A ja bym wysnuł inny i podejrzewam że bardzo dobrze korespondujący z myśleniem księgowych Canona - nic nie wypuszczać nowego w tym zakresie :cool:.
Wersja do druku
Albo wypuszczać zaczynając od góry.
50 1.8 mkI ponoć był metalowy i w podobnej cenie. Jak optycznie - nie wiem.
Dokładnie to miałem na myśli. EF-S o tych samych parametrach może być : mniejszy, lżejszy, tańszy.
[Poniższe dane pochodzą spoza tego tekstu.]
text \<open>The set of assignments A_sigma (canonical: undefined outside Dom).\<close>
definition assignments :: "('v, 'a) signature \<Rightarrow> ('v, 'a) assignment set" where
  "assignments \<sigma> = {s. (\<forall>X\<in>sDom \<sigma>. s X \<in> sRan \<sigma> X) \<and> (\<forall>X. X \<notin> sDom \<sigma> \<longrightarrow> s X = undefined)}"

text \<open>Fn F V is the function F_V, represented as acting on assignments; well-formedness
  forces it to depend only on the parents and to be undefined outside Ran(PA_V).\<close>
record ('v, 'a) sysf =
  En :: "'v set"
  PA :: "'v \<Rightarrow> 'v set"
  Fn :: "'v \<Rightarrow> ('v, 'a) assignment \<Rightarrow> 'a"

definition Ex :: "('v, 'a) signature \<Rightarrow> ('v, 'a) sysf \<Rightarrow> 'v set" where
  "Ex \<sigma> F = sDom \<sigma> - En F"

definition in_ran_on :: "('v, 'a) signature \<Rightarrow> 'v set \<Rightarrow> ('v, 'a) assignment \<Rightarrow> bool" where
  "in_ran_on \<sigma> A s \<longleftrightarrow> (\<forall>X\<in>A. s X \<in> sRan \<sigma> X)"

definition parent_rel :: "('v, 'a) sysf \<Rightarrow> ('v \<times> 'v) set" where
  "parent_rel F = {(P, V). V \<in> En F \<and> P \<in> PA F V}"

definition sysf_ok :: "('v, 'a) signature \<Rightarrow> ('v, 'a) sysf \<Rightarrow> bool" where
  "sysf_ok \<sigma> F \<longleftrightarrow>
     En F \<subseteq> sDom \<sigma> \<and>
     (\<forall>V\<in>En F. PA F V \<subseteq> sDom \<sigma> - {V}) \<and>
     (\<forall>V. V \<notin> En F \<longrightarrow> PA F V = {} \<and> Fn F V = (\<lambda>_. undefined)) \<and>
     (\<forall>V\<in>En F. \<forall>s. in_ran_on \<sigma> (PA F V) s \<longrightarrow> Fn F V s \<in> sRan \<sigma> V) \<and>
     (\<forall>V\<in>En F. \<forall>s s'. (\<forall>X\<in>PA F V. s X = s' X) \<longrightarrow> Fn F V s = Fn F V s') \<and>
     (\<forall>V\<in>En F. \<forall>s. \<not> in_ran_on \<sigma> (PA F V) s \<longrightarrow> Fn F V s = undefined) \<and>
     acyclic (parent_rel F)"

definition compatible :: "('v, 'a) sysf \<Rightarrow> ('v, 'a) assignment \<Rightarrow> bool" where
  "compatible F s \<longleftrightarrow> (\<forall>V\<in>En F. s V = Fn F V s)"

definition compat_pairs :: "('v, 'a) signature \<Rightarrow> (('v, 'a) assignment \<times> ('v, 'a) sysf) set" where
  "compat_pairs \<sigma> = {(s, F). sysf_ok \<sigma> F \<and> s \<in> assignments \<sigma> \<and> compatible F s}"

type_synonym ('v, 'a) interv = "('v \<times> 'a) list"

definition consistent :: "('v, 'a) interv \<Rightarrow> bool" where
  "consistent xs \<longleftrightarrow> (\<forall>(X, x)\<in>set xs. \<forall>(X', x')\<in>set xs. X = X' \<longrightarrow> x = x')"

definition ivars :: "('v, 'a) interv \<Rightarrow> 'v set" where
  "ivars xs = fst ` set xs"

definition interv_sys :: "('v, 'a) sysf \<Rightarrow> ('v, 'a) interv \<Rightarrow> ('v, 'a) sysf" where
  "interv_sys F xs =
     \<lparr> En = En F - ivars xs,
       PA = (\<lambda>V. if V \<in> En F - ivars xs then PA F V else {}),
       Fn = (\<lambda>V. if V \<in> En F - ivars xs then Fn F V else (\<lambda>_. undefined)) \<rparr>"

text \<open>s^F_{X=x}: the unique assignment with X_i = x_i, agreeing with s on the exogenous
  non-intervened variables (and outside Dom), and satisfying the equations of F on the
  endogenous non-intervened variables (unique by recursiveness of F).\<close>
definition interv_asg :: "('v, 'a) sysf \<Rightarrow> ('v, 'a) interv \<Rightarrow> ('v, 'a) assignment \<Rightarrow> ('v, 'a) assignment" where
  "interv_asg F xs s = (THE t.
      (\<forall>(X, x)\<in>set xs. t X = x) \<and>
      (\<forall>V. V \<notin> ivars xs \<and> V \<notin> En F \<longrightarrow> t V = s V) \<and>
      (\<forall>V. V \<in> En F \<and> V \<notin> ivars xs \<longrightarrow> t V = Fn F V t))"

datatype ('v, 'a) fm =
    Eq 'v 'a
  | Dep "'v list" 'v
  | Neg "('v, 'a) fm"
  | And "('v, 'a) fm" "('v, 'a) fm"
  | Or "('v, 'a) fm" "('v, 'a) fm"
  | GOr "('v, 'a) fm" "('v, 'a) fm"
  | Cf "('v, 'a) interv" "('v, 'a) fm"

fun is_CO :: "('v, 'a) fm \<Rightarrow> bool" where
  "is_CO (Eq X x) = True"
| "is_CO (Dep Xs Y) = False"
| "is_CO (Neg a) = is_CO a"
| "is_CO (And a b) = (is_CO a \<and> is_CO b)"
| "is_CO (Or a b) = (is_CO a \<and> is_CO b)"
| "is_CO (GOr a b) = False"
| "is_CO (Cf xs a) = is_CO a"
Niepotrzebne skreślić.
Dlatego też pisałem o 35/2, nie postulowałem "rozjaśnienia" starej konstrukcji.
Teraz porównaj sobie wymiary i wagę EF 35/2 i Nikkora 35/1.8 DX.
Nawet jeśli dołożenie USM trochę zwiększy gabaryty, to co z tego?
Dalej byłaby to mała, lekka i względnie tania konstrukcja, chyba że księgowi zadecydują inaczej.
No ba, EF-S'y w grę nie wchodzą. Ogólnie działają mi na nerwy stałki EF-S, z chęcią zamiast 100 macro przytuliłbym 60 macro, nawet kosztem czerwonego paska i profi wyglądu :mrgreen:
Mogliby odświeżyć 35 dając obudowę z 28/1,8, zrobić jakieś 24/2,8, 40/1,8 czy inne wihajstry i było by do wyboru.